L'Herbiers filmsprachliche Neuerungen verwirrten zunächst einige der Kritiker, die sie nicht mit den Eindrücken der Naturaufnahmen von Küste und Meer zusammenbringen konnten. Breitere Zustimmung fand die rhythmische Struktur der Schnittfolgen und Sequenzen, die nach Meinung L'Herbiers wie eine musikalische Komposition aufgefasst war.[6]

Lediglich der französische Zensor nahm Anstoß an einigen als zu freizügig empfundenen Bildern sich liebkosender lesbischer Frauen. L’Herbier verhandelte mit der Behörde und machte zu deren Beruhigung einige Schnitte, damit der Film weiter gezeigt werden konnte, fügte die beanstandeten Bilder jedoch später wieder ins Originalnegativ ein.[7]

„Melancholisches Drama um den ewigen Gegensatz von Meer und Land, in dem der vom Sturm gepeitschte Atlantik, der die Menschen in ihre Schranken verweist, die zentrale Rolle einnimmt.“ (Filmlexikon 2001)[2]

„Der meisterhafte Stummfilm arbeitet mit komplexen Schnittfolgen, versteht sich als ‚visuelle Symphonie‘ und gilt als frühes Beispiel einer ‚kinematografischen Schrift‘“ erklärt das Filmlexikon 2001.[2]

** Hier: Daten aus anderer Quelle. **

lemma nn_integral_unit_square_shear:
  fixes f :: "real \<times> real \<Rightarrow> ennreal"
  assumes f[measurable]: "f \<in> borel_measurable borel"
  shows "(\<integral>\<^sup>+ p. indicator ({0<..<1} \<times> {0<..<1}) p * f (fst p * snd p, snd p) \<partial>lborel) =
         (\<integral>\<^sup>+ p. ennreal (indicator triangle p / snd p) * f p \<partial>lborel)"
proof -
  have "(\<integral>\<^sup>+ p. indicator ({0<..<1} \<times> {0<..<1}) p * f (fst p * snd p, snd p) \<partial>lborel) =
        (\<integral>\<^sup>+ y. (\<integral>\<^sup>+ x. indicator ({0<..<1} \<times> {0<..<1}) (x, y) * f (x * y, y) \<partial>lborel) \<partial>lborel)"
    by (subst lborel_prod[symmetric], subst lborel_pair.nn_integral_snd[symmetric])
      (simp_all add: lborel_prod)
  also have "\<dots> = (\<integral>\<^sup>+ y. (\<integral>\<^sup>+ u. ennreal (indicator triangle (u, y) / y) * f (u, y) \<partial>lborel) \<partial>lborel)"
    by (simp add: nn_integral_shear_fiber)
  also have "\<dots> = (\<integral>\<^sup>+ p. ennreal (indicator triangle p / snd p) * f p \<partial>lborel)"
    by (subst lborel_prod[symmetric], subst lborel_pair.nn_integral_snd[symmetric])
      (simp_all add: lborel_prod)
  finally show ?thesis .
qed
(* Let $\Omega$ be a topological signature and $X$ a topological space such that $X$ and every $\Omega_n$ are 0-dimensional spaces. Then the topological algebra $T_\Omega(X)$ is residually finite. Moreover, the unique continuous homomorphism $T_\Omega(X)\to\overline{\Omega}_X\mathcal{S}t_\Omega$ extending the natural generating mapping $X\to\overline{\Omega}_X\mathcal{S}t_\Omega$ is injective and is a homeomorphism of $T_\Omega(X)$ onto the subalgebra of $\overline{\Omega}_X\mathcal{S}t_\Omega$ (algebraically) generated by the image of $X$.
   Context: A space is 0-dimensional if it is $T_1$ and its clopen subsets form a basis. $T_\Omega(X)$ is the term algebra (absolutely free $\Omega$-algebra) on $X$, whose elements are finite ordered trees with leaves labeled in $X\uplus\Omega_0$ and nodes with $k$ children labeled in $\Omega_k$; it is topologized as the topological sum, over all tree shapes, of the product of the label spaces of the nodes (a net converges to $t$ iff eventually it has the shape of $t$ and the labels at each node converge). It is a topological $\Omega$-algebra, and $X$ embeds as single-node trees. A topological algebra is residually finite if any two distinct elements are separated by a continuous homomorphism into a finite discrete topological $\Omega$-algebra. A Stone topological algebra is a topological $\Omega$-algebra (continuous evaluation maps $\Omega_n\times A^n\to A$) whose space is compact Hausdorff 0-dimensional; $\mathcal{S}t_\Omega$ is the class of all Stone topological $\Omega$-algebras. $\overline{\Omega}_X\mathcal{S}t_\Omega$ is the free Stone topological algebra over $X$: a Stone topological algebra with a continuous map $\iota:X\to\overline{\Omega}_X\mathcal{S}t_\Omega$ whose image generates a dense subalgebra, such that every continuous map from $X$ to a Stone topological $\Omega$-algebra $T$ extends uniquely as $\hat\varphi\circ\iota$ with $\hat\varphi$ a continuous homomorphism. *)

theory Defs
  imports "HOL-Analysis.Analysis"
begin

text \<open>A topological signature is given as a family Om of topological spaces
  indexed by arity: the operation symbols of arity n are the points of
  topspace (Om n).\<close>

definition zero_dimensional :: "'a topology \<Rightarrow> bool" where
  "zero_dimensional T \<longleftrightarrow> t1_space T \<and>
     (\<forall>U x. openin T U \<and> x \<in> U \<longrightarrow>
        (\<exists>C. openin T C \<and> closedin T C \<and> x \<in> C \<and> C \<subseteq> U))"

definition topalg :: "(nat \<Rightarrow> 'o topology) \<Rightarrow> 'a topology \<Rightarrow> ('o \<Rightarrow> 'a list \<Rightarrow> 'a) \<Rightarrow> bool" where
  "topalg Om TA opA \<longleftrightarrow>
     (\<forall>n. continuous_map (prod_topology (Om n) (product_topology (\<lambda>_. TA) {..<n})) TA
            (\<lambda>(f, g). opA f (map g [0..<n])))"

definition is_hom :: "(nat \<Rightarrow> 'o topology) \<Rightarrow> 'a topology \<Rightarrow> ('o \<Rightarrow> 'a list \<Rightarrow> 'a)
    \<Rightarrow> ('o \<Rightarrow> 'b list \<Rightarrow> 'b) \<Rightarrow> ('a \<Rightarrow> 'b) \<Rightarrow> bool" where
  "is_hom Om TA opA opB h \<longleftrightarrow>
     (\<forall>n f as. f \<in> topspace (Om n) \<and> length as = n \<and> set as \<subseteq> topspace TA \<longrightarrow>
        h (opA f as) = opB f (map h as))"

definition cont_hom :: "(nat \<Rightarrow> 'o topology) \<Rightarrow> 'a topology \<Rightarrow> ('o \<Rightarrow> 'a list \<Rightarrow> 'a)
    \<Rightarrow> 'b topology \<Rightarrow> ('o \<Rightarrow> 'b list \<Rightarrow> 'b) \<Rightarrow> ('a \<Rightarrow> 'b) \<Rightarrow> bool" where
  "cont_hom Om TA opA TB opB h \<longleftrightarrow> continuous_map TA TB h \<and> is_hom Om TA opA opB h"

inductive_set gen_sub :: "(nat \<Rightarrow> 'o topology) \<Rightarrow> ('o \<Rightarrow> 'a list \<Rightarrow> 'a) \<Rightarrow> 'a set \<Rightarrow> 'a set"
  for Om opA S where
  gen_base: "x \<in> S \<Longrightarrow> x \<in> gen_sub Om opA S"
| gen_op: "f \<in> topspace (Om (length as)) \<Longrightarrow> \<forall>a\<in>set as. a \<in> gen_sub Om opA S
            \<Longrightarrow> opA f as \<in> gen_sub Om opA S"
text \<open>Induction on the number of vertices: by the previous lemma some vertex has at most
  one neighbour, and deleting it removes at most one edge.\<close>
lemma acyclic_card_edges_less:
  assumes "simple_graph G" "acyclic_graph G" "verts G \<noteq> {}"
  shows "card (edges G) < card (verts G)"
  using assms
proof (induction "card (verts G)" arbitrary: G rule: less_induct)
  case less
  have fin: "finite (verts G)" using less.prems(1) by (rule simple_graph_finite_verts)
  obtain v where v: "v \<in> verts G" "degree G v \<le> 1"
    using min_degree_two_not_acyclic[OF less.prems(1,3)] less.prems(2) not_less_eq_eq
    by (metis Suc_1)
  define G' where "G' = (verts G - {v}, {e \<in> edges G. v \<notin> e})"
  have "card {e \<in> edges G. v \<in> e} \<le> degree G v"
    unfolding edges_at_vertex[OF less.prems(1)] degree_def
    using finite_neighbours[OF less.prems(1)] by (rule card_image_le)
  then have removed: "card {e \<in> edges G. v \<in> e} \<le> 1"
    using v(2) by linarith
  have split: "card (edges G) = card (edges G') + card {e \<in> edges G. v \<in> e}"
  proof -
    have "edges G = edges G' \<union> {e \<in> edges G. v \<in> e}" "edges G' \<inter> {e \<in> edges G. v \<in> e} = {}"
      "finite (edges G')" "finite {e \<in> edges G. v \<in> e}"
      using simple_graph_finite_edges[OF less.prems(1)] unfolding G'_def by auto
    then show ?thesis by (metis card_Un_disjoint)
  qed
  show ?case
  proof (cases "verts G' = {}")
    case True
    then have "verts G = {v}"
      using v(1) unfolding G'_def by auto
    have "e \<notin> edges G" for e
    proof
      assume "e \<in> edges G"
      then obtain x y where "x \<in> verts G" "y \<in> verts G" "x \<noteq> y"
        by (rule simple_graph_edgeE[OF less.prems(1)])
      with \<open>verts G = {v}\<close> show False by simp
    qed
    then have "edges G = {}"
      by blast
    then show ?thesis using \<open>verts G = {v}\<close> by simp
  next
    case False
    have "simple_graph G'"
      unfolding G'_def using simple_graph_edges_subset[OF less.prems(1)]
      by (intro simple_graph_subgraph[OF less.prems(1)]) auto
    moreover have "acyclic_graph G'"
      unfolding G'_def by (rule acyclic_graph_subgraph[OF less.prems(2)]) auto
    moreover have card_G: "card (verts G) = Suc (card (verts G'))"
      unfolding G'_def using card_Suc_Diff1[OF fin v(1)] by simp
    ultimately have "card (edges G') < card (verts G')"
      using less.hyps False by simp
    then show ?thesis using split removed card_G by linarith
  qed
qed

text \<open>The edges at an independent set I span a forest on I and its neighbourhood N,
  with at least 2|I| edges; a forest has fewer edges than vertices, so 2|I| < |I| + |N|.\<close>
lemma acyclic_independent_set_expands:
  assumes G: "simple_graph G" "acyclic_graph G"
    and I: "I \<subseteq> verts G" "I \<noteq> {}" "\<forall>x\<in>I. \<forall>y\<in>I. \<not> adj G x y"
    and deg: "\<forall>x\<in>I. 2 \<le> degree G x"
  shows "card I < card (\<Union>x\<in>I. neighbours G x)"
proof -
  define N where "N = (\<Union>x\<in>I. neighbours G x)"
  define E where "E = {e \<in> edges G. e \<inter> I \<noteq> {}}"
  have finI: "finite I" "finite N"
    using I(1) G(1) neighbours_subset_verts unfolding N_def
    by (meson UN_least finite_subset simple_graph_finite_verts)+
  have disj: "I \<inter> N = {}"
    using I(3) unfolding N_def neighbours_def by blast
  have E_verts: "e \<subseteq> I \<union> N" if "e \<in> E" for e
  proof -
    have e: "e \<in> edges G" "e \<inter> I \<noteq> {}"
      using that unfolding E_def by auto
    obtain x y where "e = {x, y}"
      using simple_graph_edgeE[OF G(1) e(1)] by metis
    moreover have "adj G x y" "adj G y x"
      using e(1) \<open>e = {x, y}\<close> by (simp_all add: adj_def insert_commute)
    ultimately show ?thesis
      using e(2) unfolding N_def neighbours_def by blast
  qed
  have "simple_graph (I \<union> N, E)"
    using G(1) I(1) neighbours_subset_verts[OF G(1)] E_verts unfolding N_def E_def
    by (intro simple_graph_subgraph) auto
  moreover have "acyclic_graph (I \<union> N, E)"
    using G(2) I(1) neighbours_subset_verts[OF G(1)] unfolding N_def E_def
    by (intro acyclic_graph_subgraph) auto
  ultimately have "card E < card I + card N"
    using acyclic_card_edges_less I(2) card_Un_disjoint[OF finI disj] by fastforce
  moreover have "2 * card I \<le> card E"
  proof -
    define P where "P = Sigma I (neighbours G)"
    have "2 * card I \<le> (\<Sum>x\<in>I. degree G x)"
      using deg sum_mono[of I "\<lambda>_. 2 :: nat" "degree G"] by (simp add: mult.commute)
    also have "\<dots> = card P"
      unfolding P_def degree_def using finI(1) finite_neighbours[OF G(1)] by simp
    also have "\<dots> = card ((\<lambda>(x, u). {x, u}) ` P)"
    proof (rule card_image[symmetric], rule inj_onI, clarify)
      fix x u y w assume "(x, u) \<in> P" "(y, w) \<in> P" "{x, u} = {y, w}"
      then show "x = y \<and> u = w"
        using I(3) unfolding P_def neighbours_def by (metis SigmaE2 doubleton_eq_iff mem_Collect_eq)
    qed
    also have "\<dots> \<le> card E"
      using simple_graph_finite_edges[OF G(1)] unfolding P_def E_def neighbours_def adj_def
      by (intro card_mono) auto
    finally show ?thesis .
  qed
  ultimately show ?thesis
    unfolding N_def by linarith
qed

lemma finite_vertex_cover_cards:
  assumes "finite (verts G)"
  shows "finite {card S | S. is_vertex_cover G S}"
proof (rule finite_subset)
  show "{card S | S. is_vertex_cover G S} \<subseteq> card ` Pow (verts G)"
    unfolding is_vertex_cover_def by auto
qed (use assms in simp)

lemma covering_number_le:
  assumes "finite (verts G)" "is_vertex_cover G S"
  shows "covering_number G \<le> card S"
  unfolding covering_number_def using assms(2) finite_vertex_cover_cards[OF assms(1)]
  by (intro Min_le) auto

lemma minimum_vertex_cover_exists:
  assumes "finite (verts G)" "is_vertex_cover G S0"
  obtains S where "is_vertex_cover G S" "card S = covering_number G"
proof -
  have "covering_number G \<in> {card S | S. is_vertex_cover G S}"
    unfolding covering_number_def using assms(2) finite_vertex_cover_cards[OF assms(1)]
    by (intro Min_in) auto
  then show thesis using that by auto
qed

lemma simple_graph_vertex_cover_verts:
  assumes "simple_graph G"
  shows "is_vertex_cover G (verts G)"
  unfolding is_vertex_cover_def
proof (intro conjI ballI subset_refl)
  fix e assume "e \<in> edges G"
  then obtain x y where "x \<in> verts G" "e = {x, y}"
    by (rule simple_graph_edgeE[OF assms])
  then show "e \<inter> verts G \<noteq> {}" by blast
qed

lemma colour_class_vertex_cover:
  assumes "colour_classes G A B"
  shows "is_vertex_cover G A"
  unfolding is_vertex_cover_def
proof (intro conjI ballI)
  show "A \<subseteq> verts G"
    using assms unfolding colour_classes_def by blast
  fix e assume "e \<in> edges G"
  then have "card (e \<inter> A) = 1"
    using assms unfolding colour_classes_def by blast
  then show "e \<inter> A \<noteq> {}"
    by (metis card.empty zero_neq_one)
qed

lemma colour_class_independent:
  assumes "simple_graph G" "colour_classes G A B" "x \<in> A" "y \<in> A"
  shows "\<not> adj G x y"
proof
  assume xy: "adj G x y"
  then have "card ({x, y} \<inter> A) = 1"
    using assms(2) unfolding colour_classes_def adj_def by blast
  moreover have "x \<noteq> y"
    using simple_graph_adjD(3)[OF assms(1) xy] .
  ultimately show False using assms(3,4) by simp
qed

text \<open>A cover S contains all neighbours of A - S, and these outnumber A - S.\<close>
lemma covering_number_colour_class:
  assumes G: "simple_graph G" "acyclic_graph G" and AB: "colour_classes G A B"
    and deg: "\<forall>x\<in>A. 2 \<le> degree G x"
  shows "covering_number G = card A"
proof (rule antisym)
  have fin: "finite (verts G)" using G(1) by (rule simple_graph_finite_verts)
  have A: "A \<subseteq> verts G" "is_vertex_cover G A"
    using AB colour_class_vertex_cover[OF AB] unfolding colour_classes_def by blast+
  show "covering_number G \<le> card A"
    using covering_number_le[OF fin A(2)] .
  obtain S where S: "is_vertex_cover G S" "card S = covering_number G"
    using minimum_vertex_cover_exists[OF fin A(2)] .
  have finS: "finite S" "finite A"
    using finite_subset[OF _ fin] S(1) A(1) unfolding is_vertex_cover_def by blast+
  have indep: "\<forall>x\<in>A - S. \<forall>y\<in>A - S. \<not> adj G x y"
    using colour_class_independent[OF G(1) AB] by blast
  define N where "N = (\<Union>x\<in>A - S. neighbours G x)"
  have "N \<subseteq> S"
  proof
    fix u assume "u \<in> N"
    then obtain x where "x \<in> A" "x \<notin> S" "{x, u} \<in> edges G"
      unfolding N_def neighbours_def adj_def by blast
    moreover have "{x, u} \<inter> S \<noteq> {}"
      using S(1) \<open>{x, u} \<in> edges G\<close> unfolding is_vertex_cover_def by blast
    ultimately show "u \<in> S" by blast
  qed
  have "N \<inter> A = {}"
    using colour_class_independent[OF G(1) AB] unfolding N_def neighbours_def by blast
  have "card (A - S) \<le> card N"
  proof (cases "A - S = {}")
    case False
    have "card (A - S) < card N"
      unfolding N_def using A(1) False indep deg
      by (intro acyclic_independent_set_expands[OF G]) auto
    then show ?thesis by simp
  qed (metis card.empty zero_le)
  then have "card A \<le> card (A \<inter> S) + card N"
    using card_Int_Diff[OF finS(2), of S] by linarith
  also have "\<dots> = card ((A \<inter> S) \<union> N)"
    using \<open>N \<inter> A = {}\<close> finite_subset[OF \<open>N \<subseteq> S\<close> finS(1)] finS
    by (intro card_Un_disjoint[symmetric]) auto
  also have "\<dots> \<le> card S"
    using \<open>N \<subseteq> S\<close> finS by (intro card_mono) auto
  finally show "card A \<le> covering_number G" using S(2) by simp
qed

lemma fst_split_end [simp]: "fst (split_end U x y) = x"
  by (simp add: split_end_def)

lemma vertex_split_edgeE:
  assumes "e \<in> edges (vertex_split U G)"
  obtains x y where "{x, y} \<in> edges G" "e = {split_end U x y, split_end U y x}"
  using assms unfolding vertex_split_def by auto

lemma fst_vertex_split_verts:
  assumes "simple_graph G"
  shows "fst ` verts (vertex_split U G) \<subseteq> verts G"
  using simple_graph_adjD(1)[OF assms] unfolding vertex_split_def by auto

lemma split_end_in_vertex_split:
  assumes "simple_graph G" "{x, y} \<in> edges G"
  shows "split_end U x y \<in> verts (vertex_split U G)"
proof -
  have "x \<in> verts G" "adj G x y"
    using assms simple_graph_adjD(1)[OF assms(1)] by (auto simp: adj_def)
  then show ?thesis
    unfolding split_end_def vertex_split_def by auto
qed

lemma simple_graph_vertex_split:
  assumes "simple_graph G"
  shows "simple_graph (vertex_split U G)"
  unfolding simple_graph_def
proof (intro conjI ballI)
  have "verts (vertex_split U G) \<subseteq> verts G \<times> verts G"
    using simple_graph_adjD[OF assms] unfolding vertex_split_def by auto
  then show "finite (verts (vertex_split U G))"
    using simple_graph_finite_verts[OF assms] by (meson finite_SigmaI finite_subset)
  fix e assume "e \<in> edges (vertex_split U G)"
  then obtain x y where xy: "{x, y} \<in> edges G" "e = {split_end U x y, split_end U y x}"
    by (rule vertex_split_edgeE)
  moreover have "x \<noteq> y"
    using xy(1) simple_graph_adjD(3)[OF assms] by (auto simp: adj_def)
  then have "split_end U x y \<noteq> split_end U y x"
    by (metis fst_split_end)
  moreover have "{y, x} \<in> edges G"
    using xy(1) by (simp add: insert_commute)
  ultimately show "\<exists>a b. a \<in> verts (vertex_split U G) \<and> b \<in> verts (vertex_split U G) \<and>
      a \<noteq> b \<and> e = {a, b}"
    using split_end_in_vertex_split[OF assms] by blast
qed
(* The inequality tangent_discriminant_nonneg below with ln 2 replaced by 0.69. *)
lemma discriminant_polynomial_nonneg:
  fixes n :: nat
  defines "t \<equiv> ln (real n)"
  assumes n: "9 \<le> n"
  shows "0 \<le> 138/100 * (real n)\<^sup>2 + 62/100 * real n * t - 13761/10000 * real n
    - real n * t\<^sup>2 - 16 * t - 28" (is "0 \<le> ?F")
proof -
  have t0: "0 \<le> t" using n by (simp add: t_def)
  have t_le: "t \<le> ln b" if "real n \<le> b" for b :: real
    using that n by (simp add: t_def)
  have F_ge: "real n * (138/100 * real n - 13761/10000 - (T - 62/100) * T) - 16 * T - 28 \<le> ?F"
    if "t \<le> T" "62/100 \<le> T" for T :: real
  proof -
    have "?F - (real n * (138/100 * real n - 13761/10000 - (T - 62/100) * T) - 16 * T - 28)
        = real n * ((T - t) * (t + T - 62/100)) + 16 * (T - t)" (is "_ = ?R")
      by (simp add: field_simps power2_eq_square)
    moreover have "0 \<le> ?R"
      using that t0 by (intro add_nonneg_nonneg mult_nonneg_nonneg) auto
    ultimately show ?thesis by (simp only: diff_ge_0_iff_ge flip: \<open>_ = ?R\<close>)
  qed
  have grow: "m * (a * m - b) \<le> real n * (a * real n - b)"
    if "m \<le> real n" "0 \<le> a * m - b" "0 \<le> a" for m a b :: real
    using that by (intro mult_mono) (auto intro: mult_left_mono)
  consider "n = 9" | "n = 10 \<or> n = 11" | "12 \<le> n \<and> n \<le> 19" | "20 \<le> n"
    using n by linarith
  then show ?thesis
  proof cases
    case 1
    then show ?thesis
      using F_ge[of "9/4"] t_le[of 9] ln_numeral_bounds(7) by simp
  next
    case 2
    then show ?thesis
      using F_ge[of "5/2"] t_le[of 11] ln_numeral_bounds(8)
        grow[of 10 "138/100" "13761/10000 + (5/2 - 62/100) * (5/2)"] by auto
  next
    case 3
    then show ?thesis
      using F_ge[of 3] t_le[of 19] ln_numeral_bounds(9)
        grow[of 12 "138/100" "13761/10000 + (3 - 62/100) * 3"] by auto
  next
    case 4
    have "t \<le> sqrt (real n)"
      using n by (simp add: t_def ln_le_sqrt)
    then have "t\<^sup>2 \<le> real n"
      using t0 by (metis power_mono real_sqrt_pow2 of_nat_0_le_iff)
    then have "real n * t\<^sup>2 \<le> real n * real n"
      by (intro mult_left_mono) auto
    moreover have "t \<le> real n / 4"
      using ln_le_quarter n by (simp add: t_def)
    moreover have "0 \<le> real n * t" using t0 by simp
    moreover have "20 * (38/100 * 20 - 53761/10000) \<le> real n * (38/100 * real n - 53761/10000)"
      using 4 by (intro grow) auto
    ultimately show ?thesis by (simp add: power2_eq_square algebra_simps)
  qed
qed

lemma tangent_discriminant_nonneg:
  fixes n :: nat assumes n: "9 \<le> n"
  shows "real n * (real n - ln (real n) - 5 - ln 2)\<^sup>2
    \<le> (real n - 4) * ((real n - 2) * (real n - 2 * ln (real n) - 3) - (real n - 1))"
proof -
  define t L where "t = ln (real n)" and "L = ln (2::real)"
  have L: "69/100 \<le> L" "L \<le> 7/10"
    using ln_numeral_bounds by (simp_all add: L_def)
  have "t \<le> real n / 4"
    using ln_le_quarter n by (simp add: t_def)
  then have "0 \<le> real n * ((L - 69/100) * (2 * real n - 2 * t - 10 - L - 69/100))"
    using L n by (intro mult_nonneg_nonneg) auto
  moreover have "0 \<le> 138/100 * (real n)\<^sup>2 + 62/100 * real n * t - 13761/10000 * real n
      - real n * t\<^sup>2 - 16 * t - 28"
    using discriminant_polynomial_nonneg n by (simp add: t_def)
  moreover have "(real n - 4) * ((real n - 2) * (real n - 2 * t - 3) - (real n - 1))
      - real n * (real n - t - 5 - L)\<^sup>2
    = (138/100 * (real n)\<^sup>2 + 62/100 * real n * t - 13761/10000 * real n
        - real n * t\<^sup>2 - 16 * t - 28)
      + real n * ((L - 69/100) * (2 * real n - 2 * t - 10 - L - 69/100))"
    by (simp add: field_simps power2_eq_square)
  ultimately show ?thesis
    unfolding t_def L_def by linarith
qed

lemma quadratic_nonneg_of_discriminant:
  fixes a b c x :: real
  assumes "0 < a" "b\<^sup>2 \<le> a * c"
  shows "0 \<le> a * x\<^sup>2 - 2 * b * x + c"
proof -
  have "a * (a * x\<^sup>2 - 2 * b * x + c) = (a * x - b)\<^sup>2 + (a * c - b\<^sup>2)"
    by (simp add: algebra_simps power2_eq_square)
  also have "0 \<le> \<dots>" using assms by simp
  finally show ?thesis using assms by (simp add: zero_le_mult_iff)
qed

lemma quadratic_slack_nonneg:
  fixes u D :: real and n :: nat
  assumes n: "9 \<le> n" and u: "1 \<le> u" and D: "1 \<le> D" "D \<le> real n - 2 * ln (real n) - 3"
  shows "0 \<le> u\<^sup>2 + 2 * u * (1 - D - ln u) + (real n - 2) * D - (real n - 1)"
proof (cases "2 * u \<le> real n - 2")
  case True
  have "2 * u * ln u \<le> 2 * u * ((u - 1/u) / 2)"
    using u ln_le_half_diff_inverse by (intro mult_left_mono) auto
  also have "\<dots> = u\<^sup>2 - 1"
    using u by (simp add: field_simps power2_eq_square)
  finally have "0 \<le> u\<^sup>2 - 2 * u * ln u - 1" by simp
  moreover have "0 \<le> (D - 1) * (real n - 2 - 2 * u)"
    using True D by simp
  ultimately show ?thesis
    by (simp add: algebra_simps)
next
  case False
  define t L Dmax where "t = ln (real n)" and "L = ln (2::real)" and "Dmax = real n - 2 * t - 3"
  define B K where "B = real n - t - 5 - L" and "K = (real n - 2) * Dmax - (real n - 1)"
  have n4: "4 < real n" using n by simp
  \<comment> \<open>the tangent to ln at n/2\<close>
  have ln_u: "ln u \<le> t - L + 2 * u / real n - 1"
  proof -
    have "ln (2 * u / real n) \<le> 2 * u / real n - 1"
      using u n4 by (intro ln_le_minus_one) simp
    then show ?thesis
      using u n4 by (simp add: t_def L_def ln_div ln_mult)
  qed
  have "B\<^sup>2 \<le> (1 - 4 / real n) * K"
    using tangent_discriminant_nonneg[OF n] n4
    by (simp add: B_def K_def Dmax_def t_def L_def field_simps)
  then have "0 \<le> (1 - 4 / real n) * u\<^sup>2 - 2 * B * u + K"
    using n4 by (intro quadratic_nonneg_of_discriminant) (simp_all add: field_simps)
  also have "\<dots> \<le> u\<^sup>2 + 2 * u * (1 - Dmax - ln u) + (real n - 2) * Dmax - (real n - 1)"
  proof -
    have "2 * u * (1 - Dmax - (t - L + 2 * u / real n - 1)) \<le> 2 * u * (1 - Dmax - ln u)"
      using ln_u u by (intro mult_left_mono) auto
    then show ?thesis
      using n4 by (simp add: B_def K_def Dmax_def field_simps power2_eq_square)
  qed
  also have "\<dots> \<le> u\<^sup>2 + 2 * u * (1 - D - ln u) + (real n - 2) * D - (real n - 1)"
  proof -
    have "0 \<le> (Dmax - D) * (2 * u - (real n - 2))"
      using False D by (simp add: Dmax_def t_def)
    then show ?thesis by (simp add: algebra_simps)
  qed
  finally show ?thesis .
qed

subsection \<open>Positive reals with bounded product and sum of squares\<close>

lemma sum_ln_nonneg_of_prod_ge_one:
  fixes x :: "'a \<Rightarrow> real"
  assumes "finite I" "\<forall>i\<in>I. 0 < x i" "1 \<le> (\<Prod>i\<in>I. x i)"
  shows "0 \<le> (\<Sum>i\<in>I. ln (x i))"
proof -
  have "ln (\<Prod>i\<in>I. x i) = (\<Sum>i\<in>I. ln (x i))"
    using assms by (intro ln_prod) auto
  then show ?thesis
    using ln_ge_zero[OF assms(3)] by simp
qed

lemma card_le_sum_of_prod_ge_one:
  fixes x :: "'a \<Rightarrow> real"
  assumes "finite I" "\<forall>i\<in>I. 0 < x i" "1 \<le> (\<Prod>i\<in>I. x i)"
  shows "real (card I) \<le> (\<Sum>i\<in>I. x i)"
proof -
  have "real (card I) \<le> (\<Sum>i\<in>I. 1 + ln (x i))"
    using sum_ln_nonneg_of_prod_ge_one[OF assms] by (simp add: sum.distrib)
  also have "\<dots> \<le> (\<Sum>i\<in>I. x i)"
    using assms(2) ln_le_minus_one by (intro sum_mono) (simp add: algebra_simps)
  finally show ?thesis .
qed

Eine ausführliche Restauration, die auch die Wiederherstellung der ursprünglichen Zwischentitel und der systematischen Einfärbung getreu den originalen Aufzeichnungen L’Herbiers[8] einschloss, hatten 1998 CNC Archives françaises du film und Gaumont unternommen. Der Komponist Antoine Duhamel, Sohn des Schriftstellers Georges Duhamel, schrieb 2001 eine neue Begleitmusik dazu. Am 20. Dezember 2002 strahlte der Kulturkanal Arte France den restaurierten Film im Fernsehen aus. Paramount Home Entertainment France brachte 2009 L'homme du large zusammen mit El Dorado auf DVD in den Handel.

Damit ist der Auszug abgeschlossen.